As a cautionary measure, more and more residents are switching to RO filters to clean their drinking water. However, majority of the villagers who cannot afford it, continue to rely on groundwater supply. Even those with RO systems still bathe and wash dishes with groundwater, which is also fed to the cattle, whose milk is then consumed by residents.

Another survey, submitted by the Central Pollution Control Board (CPCB) last year, echoed Singh’s report in that the groundwater in Bandhwari is unsuitable for drinking. The CPCB report also found exceedingly high volumes of boron, manganese, iron, chlorides and nitrates, the carcinogenic effects of which have been documented in medical literature.

Dr. Suman Kumari, who has been posted in Bandhwari since 2012, says women have become particularly susceptible to gynaecological problems. ( Yogendra Kumar/HT PHOTO )

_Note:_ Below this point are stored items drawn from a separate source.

lemma tree_path_exists:
  assumes "a \<in> Vs G" "b \<in> Vs G"
  shows "\<exists>p. tree_path p \<and> hd p = a \<and> last p = b"
proof -
  have "(a, b) \<in> tadj\<^sup>*"
    using tree_connected assms by blast
  then show ?thesis
  proof (induction rule: rtrancl_induct)
    case base
    show ?case by (intro exI[of _ "[a]"]) (simp add: tree_path_def)
  next
    case (step y z)
    then obtain p where p: "tree_path p" "hd p = a" "last p = y" by blast
    show ?case
    proof (cases "z \<in> set p")
      case True
      then obtain xs ys where xs: "p = xs @ z # ys" by (meson split_list)
      then have "tree_path (xs @ [z])"
        using tree_path_prefix[of "xs @ [z]" ys] p by simp
      moreover have "hd (xs @ [z]) = a"
        using p xs by (cases xs) auto
      ultimately show ?thesis by auto
    next
      case False
      then have "tree_path (p @ [z]) \<and> hd (p @ [z]) = a"
        using p step(2) by (auto simp: tree_path_def successively_append_iff)
      then show ?thesis by auto
    qed
  qed
qed

lemma geo_tree_path: "tree_path p \<Longrightarrow> geo G (hd p) (last p) = p"
  unfolding geo_def
  by (rule the_equality) (auto simp: tree_path_def successively_conv_nth intro: tree_path_unique)

lemma geo_eqI: "tree_path p \<Longrightarrow> hd p = a \<Longrightarrow> last p = b \<Longrightarrow> geo G a b = p"
  using geo_tree_path by blast

lemma tree_path_geo:
  "a \<in> Vs G \<Longrightarrow> b \<in> Vs G \<Longrightarrow>
     tree_path (geo G a b) \<and> hd (geo G a b) = a \<and> last (geo G a b) = b"
  using tree_path_exists geo_tree_path by metis

end

section \<open>The order on vertices\<close>

fun dir_labels :: "('v,'e) gsetup \<Rightarrow> 'v list \<Rightarrow> nat list" where
  "dir_labels G (x # y # zs) = lab G x (tedge G x y) # dir_labels G (y # zs)"
| "dir_labels G _ = []"

lemma dir_labels_append:
  "xs \<noteq> [] \<Longrightarrow> dir_labels G (xs @ y # zs) =
     dir_labels G xs @ lab G (last xs) (tedge G (last xs) y) # dir_labels G (y # zs)"
  by (induction xs rule: induct_list012) auto

lemma dir_labels_prefix_le:
  assumes "prefix p q" "p \<noteq> []"
  shows "dir_labels G p \<le> dir_labels G q"
proof -
  obtain s where "q = p @ s"
    using assms(1) prefix_def by blast
  then show ?thesis
    using assms(2) by (cases s) (auto simp: dir_labels_append le_append_list)
qed

lemma meet_sym: "meet G a b = meet G b a"
  unfolding meet_def by (simp add: Int_commute)

context UD_graph
begin

abbreviation base_path :: "'v \<Rightarrow> 'v list" where
  "base_path v \<equiv> geo G (base G) v"

text \<open>For the base vertex the index is out of range and parent is unspecified.\<close>

definition parent :: "'v \<Rightarrow> 'v" where
  "parent v = geo G v (base G) ! 1"

lemma tree_path_base_path:
  "v \<in> Vs G \<Longrightarrow> tree_path (base_path v) \<and> hd (base_path v) = base G \<and> last (base_path v) = v"
  using tree_path_geo base_in_Vs by blast

lemma mem_base_path: "v \<in> Vs G \<Longrightarrow> v \<in> set (base_path v)"
  using tree_path_base_path by (metis last_in_set tree_path_def)

lemma base_path_inj: "a \<in> Vs G \<Longrightarrow> b \<in> Vs G \<Longrightarrow> base_path a = base_path b \<Longrightarrow> a = b"
  using tree_path_base_path by metis

lemma geo_swap: "a \<in> Vs G \<Longrightarrow> b \<in> Vs G \<Longrightarrow> geo G b a = rev (geo G a b)"
  using tree_path_geo[of a b] tree_path_rev by (intro geo_eqI) (auto simp: hd_rev last_rev tree_path_def)

lemma base_path_parent:
  assumes "v \<in> Vs G" "v \<noteq> base G"
  shows "base_path v = base_path (parent v) @ [v] \<and> parent v \<in> Vs G \<and> (v, parent v) \<in> tadj"
proof -
  let ?g = "geo G v (base G)"
  have g: "tree_path ?g" "hd ?g = v" "last ?g = base G"
    using tree_path_geo assms(1) base_in_Vs by blast+
  then obtain w t where wt: "?g = v # w # t"
    using assms(2) by (cases ?g; cases "tl ?g") (auto simp: tree_path_def)
  have vw: "(v, w) \<in> tadj" "w \<in> Vs G"
    using g(1) wt tadj_Vs by (auto simp: tree_path_def)
  have "geo G w (base G) = w # t"
    using tree_path_suffix[of "[v]" "w # t"] g wt by (intro geo_eqI) auto
  then have "base_path w = rev (w # t)"
    using geo_swap[OF base_in_Vs vw(2)] by simp
  moreover have "base_path v = rev (v # w # t)"
    using geo_swap[OF base_in_Vs assms(1)] wt by simp
  ultimately show ?thesis
    using wt vw unfolding parent_def by simp
qed

lemma base_path_prefix:
  assumes "v \<in> Vs G" "z \<in> set (base_path v)"
  shows "prefix (base_path z) (base_path v) \<and> z \<in> Vs G"
proof -
  obtain xs ys where xs: "base_path v = xs @ z # ys"
    using assms(2) by (meson split_list)
  have "tree_path (xs @ [z])"
    using tree_path_prefix[of "xs @ [z]" ys] tree_path_base_path[OF assms(1)] xs by simp
  moreover have "hd (xs @ [z]) = base G"
    using tree_path_base_path[OF assms(1)] xs by (cases xs) auto
  ultimately have "base_path z = xs @ [z]"
    by (intro geo_eqI) auto
  moreover have "set (base_path v) \<subseteq> Vs G"
    using tree_path_Vs tree_path_base_path[OF assms(1)] base_in_Vs by metis
  then have "z \<in> Vs G"
    using assms(2) by blast
  ultimately show ?thesis
    using xs by simp
qed

lemma parent_eqI:
  assumes "(a, b) \<in> tadj" "b \<notin> set (base_path a)"
  shows "b \<noteq> base G \<and> parent b = a"
proof -
  have V: "a \<in> Vs G" "b \<in> Vs G"
    using tadj_Vs assms(1) by auto
  have "tree_path (base_path a @ [b])"
    using tree_path_base_path[OF V(1)] assms by (auto simp: tree_path_def successively_append_iff)
  then have rb: "base_path b = base_path a @ [b]"
    using tree_path_base_path[OF V(1)] by (intro geo_eqI) (auto simp: tree_path_def)
  have "b \<noteq> base G"
    using assms(2) tree_path_base_path[OF V(1)] by (metis hd_in_set tree_path_def)
  then show ?thesis
    using base_path_parent[OF V(2)] rb base_path_inj[OF _ V(1)] by auto
qed

lemma tadj_parent:
  assumes ab: "(a, b) \<in> tadj"
  shows "(b \<noteq> base G \<and> parent b = a) \<or> (a \<noteq> base G \<and> parent a = b)"
proof -
  have V: "a \<in> Vs G" "b \<in> Vs G"
    using tadj_Vs ab by auto
  consider "b \<notin> set (base_path a)" | "a \<notin> set (base_path b)"
    | "b \<in> set (base_path a)" "a \<in> set (base_path b)"
    by blast
  then show ?thesis
  proof cases
    case 1
    then show ?thesis
      using parent_eqI[OF ab] by blast
  next
    case 2
    then show ?thesis
      using parent_eqI[OF adjrel_sym[OF ab]] by blast
  next
    case 3
    then have "prefix (base_path a) (base_path b)" "prefix (base_path b) (base_path a)"
      using base_path_prefix V by blast+
    then have "a = b"
      using base_path_inj[OF V] prefix_order.antisym by blast
    then show ?thesis
      using ab tadj_irrefl by blast
  qed
qed

lemma eT_parent:
  assumes "v \<in> Vs G" "v \<noteq> base G"
  shows "eT G v \<in> Tr G \<and> ends G (eT G v) = {v, parent v}"
  using tedge_tadj base_path_parent[OF assms] unfolding eT_def parent_def[symmetric] by blast

lemma tree_edge_eT:
  assumes "e \<in> Tr G"
  obtains v where "v \<in> Vs G" "v \<noteq> base G" "eT G v = e"
proof -
  obtain a b where ab: "ends G e = {a, b}"
    using tree_edge_cut[OF assms] by blast
  have tab: "(a, b) \<in> tadj"
    using assms ab unfolding adjrel_def by blast
  then have "\<exists>v\<in>{a, b}. v \<noteq> base G \<and> {v, parent v} = {a, b}"
    using tadj_parent[OF tab] by (auto simp: insert_commute)
  then obtain v where v: "v \<in> Vs G" "v \<noteq> base G" "{v, parent v} = {a, b}"
    using tadj_Vs[OF tab] by blast
  then have "eT G v = e"
    using eT_parent[OF v(1,2)] ab by (intro tree_edge_eqI[OF _ assms]) auto
  then show thesis
    using that v by blast
qed

lemma meet_eqI:
  assumes "m \<in> Vs G" "set (base_path m) = set (base_path a) \<inter> set (base_path b)"
  shows "meet G a b = m"
  unfolding meet_def
proof (rule the_equality)
  fix x assume x: "x \<in> Vs G \<and> set (base_path x) = set (base_path a) \<inter> set (base_path b)"
  then have "x \<in> set (base_path m)" "m \<in> set (base_path x)"
    using mem_base_path assms by auto
  then have "base_path x = base_path m"
    using base_path_prefix x assms(1) prefix_order.antisym by blast
  then show "x = m"
    using base_path_inj x assms(1) by blast
qed (use assms in blast)

lemma meet_prefix: "a \<in> Vs G \<Longrightarrow> prefix (base_path a) (base_path b) \<Longrightarrow> meet G a b = a"
  by (rule meet_eqI) (auto dest: set_mono_prefix)

lemma meet_parallel:
  assumes "a \<in> Vs G" "b \<in> Vs G" "base_path a = L @ x # ra" "base_path b = L @ y # rb" "x \<noteq> y"
  shows "L \<noteq> [] \<and> meet G a b = last L"
proof -
  have L: "L \<noteq> []"
    using tree_path_base_path assms by (metis append_Nil list.sel(1))
  then have "tree_path L" "hd L = base G"
    using tree_path_prefix[of L] tree_path_base_path[OF assms(1)] assms(3) by auto
  then have rL: "base_path (last L) = L" and "set L \<subseteq> Vs G"
    using geo_eqI tree_path_Vs base_in_Vs by metis+
  then have mV: "last L \<in> Vs G"
    using L by auto
  have "set (base_path a) \<inter> set (base_path b) \<subseteq> set L"
  proof
    fix z assume z: "z \<in> set (base_path a) \<inter> set (base_path b)"
    then have "prefix (base_path z) (base_path a)" "prefix (base_path z) (base_path b)" "z \<in> Vs G"
      using base_path_prefix assms(1,2) by blast+
    then have "prefix (base_path z) L"
      using longest_common_prefix_max_prefix longest_common_prefix_append_Cons assms(3-5)
      by metis
    then show "z \<in> set L"
      using mem_base_path[OF \<open>z \<in> Vs G\<close>] set_mono_prefix by blast
  qed
  then have "set (base_path (last L)) = set (base_path a) \<inter> set (base_path b)"
    using rL assms(3,4) by auto
  then show ?thesis
    using meet_eqI[OF mV] L by blast
qed

lemma gdir_base_path_branch:
  assumes "a \<in> Vs G" "base_path a = L @ x # r" "L \<noteq> []"
  shows "last L \<noteq> a \<and> gdir G (last L) a = lab G (last L) (tedge G (last L) x) \<and> (last L, x) \<in> tadj"
proof -
  let ?m = "last L"
  have "base_path a = butlast L @ ?m # x # r"
    using assms(2,3) by (metis append.assoc append_Cons append_butlast_last_id append_Nil)
  then have tp: "tree_path (?m # x # r)"
    using tree_path_suffix tree_path_base_path[OF assms(1)] by (metis list.discI)
  have "last (x # r) = a"
    using tree_path_base_path[OF assms(1)] assms(2) by simp
  then have "geo G ?m a = ?m # x # r"
    using geo_eqI[OF tp] by simp
  moreover have "a \<in> set (x # r)"
    using \<open>last (x # r) = a\<close> by (metis last_in_set list.discI)
  then have "?m \<noteq> a"
    using tp by (auto simp: tree_path_def)
  ultimately show ?thesis
    using tp by (simp add: gdir_def tree_path_def)
qed

lemma lab_tedge_neq:
  assumes mx: "(m, x) \<in> tadj" and my: "(m, y) \<in> tadj" and "x \<noteq> y"
  shows "lab G m (tedge G m x) \<noteq> lab G m (tedge G m y)"
proof -
  have ex: "tedge G m x \<in> Tr G" "ends G (tedge G m x) = {m, x}"
    and ey: "tedge G m y \<in> Tr G" "ends G (tedge G m y) = {m, y}"
    using tedge_tadj mx my by blast+
  have "tedge G m x \<noteq> tedge G m y"
  proof
    assume "tedge G m x = tedge G m y"
    then have "{m, x} = {m, y}"
      using ex ey by simp
    then show False
      using \<open>x \<noteq> y\<close> tadj_irrefl mx by (auto simp: doubleton_eq_iff)
  qed
  then show ?thesis
    using inj_onD[OF lab_inj_on] tadj_Vs mx ex ey by blast
qed

lemma vle_iff_dir_labels:
  assumes a: "a \<in> Vs G" and b: "b \<in> Vs G"
  shows "vle G a b \<longleftrightarrow> dir_labels G (base_path a) \<le> dir_labels G (base_path b)"
proof (cases rule: prefix_cases[of "base_path a" "base_path b"])
  case 1
  have "meet G a b = a"
    using meet_prefix[OF a 1] .
  moreover have "dir_labels G (base_path a) \<le> dir_labels G (base_path b)"
    using dir_labels_prefix_le[OF 1] tree_path_base_path[OF a] by (simp add: tree_path_def)
  ultimately show ?thesis
    by (simp add: vle_def)
next
  case 2
  then obtain x r where r: "base_path a = base_path b @ x # r"
    by (auto simp: strict_prefix_def prefix_def neq_Nil_conv)
  then have "meet G a b = b"
    using meet_prefix[OF b] meet_sym[of G a b] by (metis prefixI)
  moreover have "b \<noteq> a"
    using r by auto
  ultimately have "\<not> vle G a b"
    by (simp add: vle_def gdir_def)
  moreover have "\<not> dir_labels G (base_path a) \<le> dir_labels G (base_path b)"
    using r tree_path_base_path[OF b] by (simp add: dir_labels_append not_append_Cons_le tree_path_def)
  ultimately show ?thesis
    by blast
next
  case 3
  then obtain L x ra y rb where xy: "x \<noteq> y" "base_path a = L @ x # ra" "base_path b = L @ y # rb"
    using parallel_decomp by blast
  then have L: "L \<noteq> []" and m: "meet G a b = last L"
    using meet_parallel a b by blast+
  note ga = gdir_base_path_branch[OF a xy(2) L] and gb = gdir_base_path_branch[OF b xy(3) L]
  then have "lab G (last L) (tedge G (last L) x) \<noteq> lab G (last L) (tedge G (last L) y)"
    using lab_tedge_neq xy(1) by blast
  then show ?thesis
    using ga gb xy L
    by (simp add: vle_def Let_def m dir_labels_append append_Cons_le_append_Cons_iff)
qed

lemma vle_refl: "a \<in> Vs G \<Longrightarrow> vle G a a"
  by (simp add: vle_iff_dir_labels)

In addition to cancer, doctors in Bandhwari have also reported an alarming increase in gastric, respiratory and skin ailments. “Skin lesions, bloody diarrhoea, irritation of eyes and throat… these have become commonplace and chronic,” said Milon Bakshi, who operates the Bengali Clinic, a private dispensary in Bandhwari.

Women also have become particularly susceptible to gynecological problems. Suman Kumari, a doctor with the Department of AYUSH, Haryana, who has been posted in Bandhwari since 2012, said, “I have seen an increasing number of female patients suffering from irregular periods, polycystic ovarian disorder, excessive bleeding and abdominal pain. I also see more children complaining of chronic headaches, diarrhoea, and nausea.” Most of Kumari’s patients are poor and cannot afford healthcare outside the village. Lack of access to healthcare, Kumari says, is only exacerbating the problem.

The villagers, however, have become increasingly distrusting of the district administration. “Before the landfill came up, many of us had never even heard of cancer. Now, if anyone gets even slightly ill, we get alarmed. The MCG says the landfill has nothing to do with it, but in that case they should at least help us find out what is wrong.” said Vinod Bhardwaj, 32, a Bandhwari resident.